Ukraine is in internal disarray. Driving the disarray is its deteriorating economic situation. While poor economic conditions predate the 2014 revolution, the subsequent Russia-backed insurgencies and annexation of Crimea exacerbated the underlying economic problems and forced Ukraine to attempt a rapid reorientation toward the West. Ukraine staved off potential disaster in December when the International Monetary Fund, as part of its four-year assistance program, approved a new $3.9 billion standby loan, $1.4 billion of which has been disbursed. (Ukrainian government debt is now approaching 70 percent of gross domestic product.) But the program is just a Band-Aid. This year will be a serious test for Ukraine, as millions of citizens – already hurting from the current conditions – will feel the pinch of economic reforms mandated by Ukraine’s creditors.

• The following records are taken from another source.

lemma ennreal_one_le_three_mult_middle:
  fixes a b c :: ennreal
  assumes "1 \<le> a + b + c" "3 * a < 1" "3 * c < 1"
  shows "1 \<le> 3 * b"
proof (rule ccontr)
  assume "\<not> 1 \<le> 3 * b"
  then have b: "3 * b < 1" by simp
  have "a < top" "b < top" "c < top" using assms(2,3) b
    by (auto simp: less_top[symmetric])
  then obtain x y z where xyz: "a = ennreal x" "b = ennreal y" "c = ennreal z" "0 \<le> x" "0 \<le> y" "0 \<le> z"
    by (metis enn2real_nonneg ennreal_enn2real)
  have "3 * x < 1" "3 * y < 1" "3 * z < 1" using assms b xyz
    by (auto simp: ennreal_mult''[symmetric] ennreal_less_iff simp flip: ennreal_1 ennreal_numeral)
  moreover have "1 \<le> x + y + z" using assms(1) xyz
    by (simp flip: ennreal_plus ennreal_1)
  ultimately show False by linarith
qed

lemma admissible_three_times:
  fixes \<rho> :: "'a::euclidean_space \<Rightarrow> ennreal"
  assumes adm: "admissible p (connecting_paths F1 F2 D) \<rho>"
    and F: "F1 \<subseteq> D" "F2 \<subseteq> D" "F3 \<subseteq> D"
  shows "admissible p (connecting_paths F1 F3 D) (\<lambda>x. 3 * \<rho> x)
    \<or> admissible p (connecting_paths F2 F3 D) (\<lambda>x. 3 * \<rho> x)
    \<or> (\<exists>c1 c2. c1 \<in> connecting_paths F1 F3 D \<and> rectifiable c1 \<and>
          c2 \<in> connecting_paths F2 F3 D \<and> rectifiable c2 \<and>
          admissible p (connecting_paths (locus c1) (locus c2) D) (\<lambda>x. 3 * \<rho> x))"
proof -
  have \<rho>: "\<rho> \<in> borel_measurable borel" using adm by (simp add: admissible_def)
  then have \<rho>3: "(\<lambda>x. 3 * \<rho> x) \<in> borel_measurable borel" by measurable
  have scale: "line_integral (\<lambda>x. 3 * \<rho> x) c = 3 * line_integral \<rho> c" if "rectifiable c" for c
    using that line_integral_cmult[OF _ \<rho>] by (cases c) (simp add: rectifiable_iff_rectifiable_on)
  show ?thesis
  proof (cases "admissible p (connecting_paths F1 F3 D) (\<lambda>x. 3 * \<rho> x)
      \<or> admissible p (connecting_paths F2 F3 D) (\<lambda>x. 3 * \<rho> x)")
    case False
    then obtain c1 c2 where c1: "c1 \<in> connecting_paths F1 F3 D" "rectifiable c1" "3 * line_integral \<rho> c1 < 1"
      and c2: "c2 \<in> connecting_paths F2 F3 D" "rectifiable c2" "3 * line_integral \<rho> c2 < 1"
      using \<rho>3 by (auto simp: admissible_def not_le scale)
    have "admissible p (connecting_paths (locus c1) (locus c2) D) (\<lambda>x. 3 * \<rho> x)"
      unfolding admissible_def
    proof (intro conjI ballI impI \<rho>3)
      fix b assume b: "b \<in> connecting_paths (locus c1) (locus c2) D" "rectifiable b"
      have "1 \<le> line_integral \<rho> c1 + line_integral \<rho> b + line_integral \<rho> c2"
        by (rule bridge_line_integral_sum_ge_one[OF adm c1(1,2) c2(1,2) b F])
      then have "1 \<le> 3 * line_integral \<rho> b"
        using c1(3) c2(3) by (rule ennreal_one_le_three_mult_middle)
      then show "1 \<le> line_integral (\<lambda>x. 3 * \<rho> x) b" by (simp add: scale b(2))
    qed
    then show ?thesis using c1 c2 by blast
  qed blast
qed

lemma min_moduli_le_three_times:
  fixes \<rho> :: "'a::euclidean_space \<Rightarrow> ennreal"
  assumes adm: "admissible p (connecting_paths F1 F2 D) \<rho>"
    and F: "F1 \<subseteq> D" "F2 \<subseteq> D" "F3 \<subseteq> D"
  shows "min (p_modulus p (connecting_paths F1 F3 D))
      (min (p_modulus p (connecting_paths F2 F3 D))
        (INF c \<in> {(c13, c23). c13 \<in> connecting_paths F1 F3 D \<and> rectifiable c13 \<and>
                              c23 \<in> connecting_paths F2 F3 D \<and> rectifiable c23}.
           p_modulus p (connecting_paths (locus (fst c)) (locus (snd c)) D)))
    \<le> (\<integral>\<^sup>+ x. enn_powr (3 * \<rho> x) p \<partial>lborel)"
  using admissible_three_times[OF adm F]
proof (elim disjE exE conjE)
  assume "admissible p (connecting_paths F1 F3 D) (\<lambda>x. 3 * \<rho> x)"
  then show ?thesis by (intro min.coboundedI1 p_modulus_le)
next
  assume "admissible p (connecting_paths F2 F3 D) (\<lambda>x. 3 * \<rho> x)"
  then show ?thesis by (intro min.coboundedI2 min.coboundedI1 p_modulus_le)
next
  fix c1 c2 assume "c1 \<in> connecting_paths F1 F3 D" "rectifiable c1"
    "c2 \<in> connecting_paths F2 F3 D" "rectifiable c2"
    "admissible p (connecting_paths (locus c1) (locus c2) D) (\<lambda>x. 3 * \<rho> x)"
  then show ?thesis
    by (intro min.coboundedI2 INF_lower2[of "(c1, c2)"] p_modulus_le) auto
qed
lemma comm_comm_elem:
  assumes "x \<in> N" "p \<in> N" "q \<in> N" "r \<in> N" "s \<in> N"
  shows "comm r s * comm p x * q \<simeq> 0"
proof (rule cong_zero_if_triple_cong_zero)
  let ?n = "\<lambda>p q. comm r s * comm p x * q"
  have "?n p q + ?n p q + ?n p q = ((?n p q + ?n p q) + (?n p q + ?n p q)) - ?n p q"
    by (simp add: algebra_simps)
  also have "\<dots> \<simeq> (?n q p + ?n q p) - ?n p q"
    using assms by (intro cong_diff cong_add comm_comm_elem_double cong_refl)
  also have "\<dots> \<simeq> ?n p q - ?n p q"
    using assms by (intro cong_diff comm_comm_elem_double cong_refl)
  finally show "?n p q + ?n p q + ?n p q \<simeq> 0"
    by simp
qed

lemma elem_comm_comm:
  assumes "x \<in> N" "p \<in> N" "q \<in> N" "r \<in> N" "s \<in> N"
  shows "x * comm p q * comm r s \<simeq> 0"
proof -
  have "x * comm p q * comm r s \<simeq> comm r s * comm p x * q"
    using assms by (rule elem_comm_comm_swap)
  also have "\<dots> \<simeq> 0"
    using assms by (rule comm_comm_elem)
  finally show ?thesis .
qed

lemma comm_prod_comm:
  assumes "a \<in> N" "b \<in> N" "c \<in> N" "d \<in> N" "e \<in> N"
  shows "comm a (b * c) * comm d e \<simeq> 0"
proof -
  have "comm a b * c * comm d e + b * comm a c * comm d e \<simeq> 0 + 0"
    using assms by (intro cong_add comm_elem_comm elem_comm_comm)
  then show ?thesis
    by (simp add: comm_mult_right algebra_simps)
qed

lemma abcde_identity:
  assumes "a \<in> N" "b \<in> N" "c \<in> N" "d \<in> N" "e \<in> N"
  shows "a * b * c * d * e \<simeq> (a * b * c * e * d - b * c * a * e * d) + b * c * a * d * e"
  using comm_prod_comm[OF assms] by (rule cong_by_diff) (simp add: comm_def algebra_simps)

end

section \<open>The free unital algebra of noncommutative polynomials\<close>

lemma ncmul_assoc: "ncmul (ncmul p q) r = ncmul p (ncmul q r)"
proof (rule ext)
  fix w :: "nat list"
  define n where "n = length w"
  define g where "g i k = p (take i w) * q (take k (drop i w)) * r (drop (i + k) w)" for i k
  have left: "ncmul (ncmul p q) r w = (\<Sum>j\<le>n. \<Sum>i\<le>j. g i (j - i))"
    unfolding ncmul_def n_def[symmetric]
  proof (rule sum.cong[OF refl])
    fix j assume "j \<in> {..n}"
    then have "j \<le> n" by simp
    then show "(\<Sum>i\<le>length (take j w). p (take i (take j w)) * q (drop i (take j w))) * r (drop j w)
        = (\<Sum>i\<le>j. g i (j - i))"
      by (auto simp: n_def sum_distrib_right min_def g_def take_take drop_take intro!: sum.cong)
  qed
  have right: "ncmul p (ncmul q r) w = (\<Sum>i\<le>n. \<Sum>k\<le>n - i. g i k)"
    unfolding ncmul_def n_def[symmetric]
    by (simp add: n_def sum_distrib_left g_def drop_drop mult.assoc add.commute)
  have "(\<Sum>i\<le>n. \<Sum>k\<le>n - i. g i k) = (\<Sum>(i, k)\<in>Sigma {..n} (\<lambda>i. {..n - i}). g i k)"
    by (simp add: sum.Sigma)
  also have "Sigma {..n} (\<lambda>i. {..n - i}) = {(i, k). i + k \<le> n}"
    by auto
  also have "(\<Sum>(i, k)\<in>{(i, k). i + k \<le> n}. g i k) = (\<Sum>j\<le>n. \<Sum>i\<le>j. g i (j - i))"
    by (rule sum.triangle_reindex_eq)
  finally show "ncmul (ncmul p q) r w = ncmul p (ncmul q r) w"
    using left right by simp
qed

Rising Prices, Plummeting Conditions
Although some official statistics paint an artificially rosy picture, by almost any metric the economic situation in Ukraine is in danger of becoming critical. According to the U.N. resident coordinator in Ukraine, while 4 percent of the Ukrainian population lives below the national poverty line (defined as 75 percent of the median income), some 60 percent live below the subsistence minimum. Ukraine’s social policy minister noted that between 2014 and 2017, poverty in Ukraine rose from 8 percent to 55 percent. Improvements in the economy can more often be traced back to bureaucratic siphoning of budget funds to prop up entrepreneurs than to any actual improvements among the general population.
Inflation is becoming a pernicious problem. While the official inflation rate has been around 10 percent since last June, Ukrainian research and media firms suggest it’s much higher. Vesti-UA reported the prices of 87 percent of consumer staples have increased. Info-Shuvar reported that the price of potatoes doubled since the beginning of November, and Obozrevatel said that such increases were not limited to potatoes. According to the State Statistics Service, the price of onions has increased by 115 percent, cabbage and carrots by 60 percent and beets by 30 percent (compared to the same time last year). Bread, flour, semolina and bacon have seen price hikes between 14 and 17 percent, while the prices of beef, fish and sausage have reportedly increased between 9 and 11 percent.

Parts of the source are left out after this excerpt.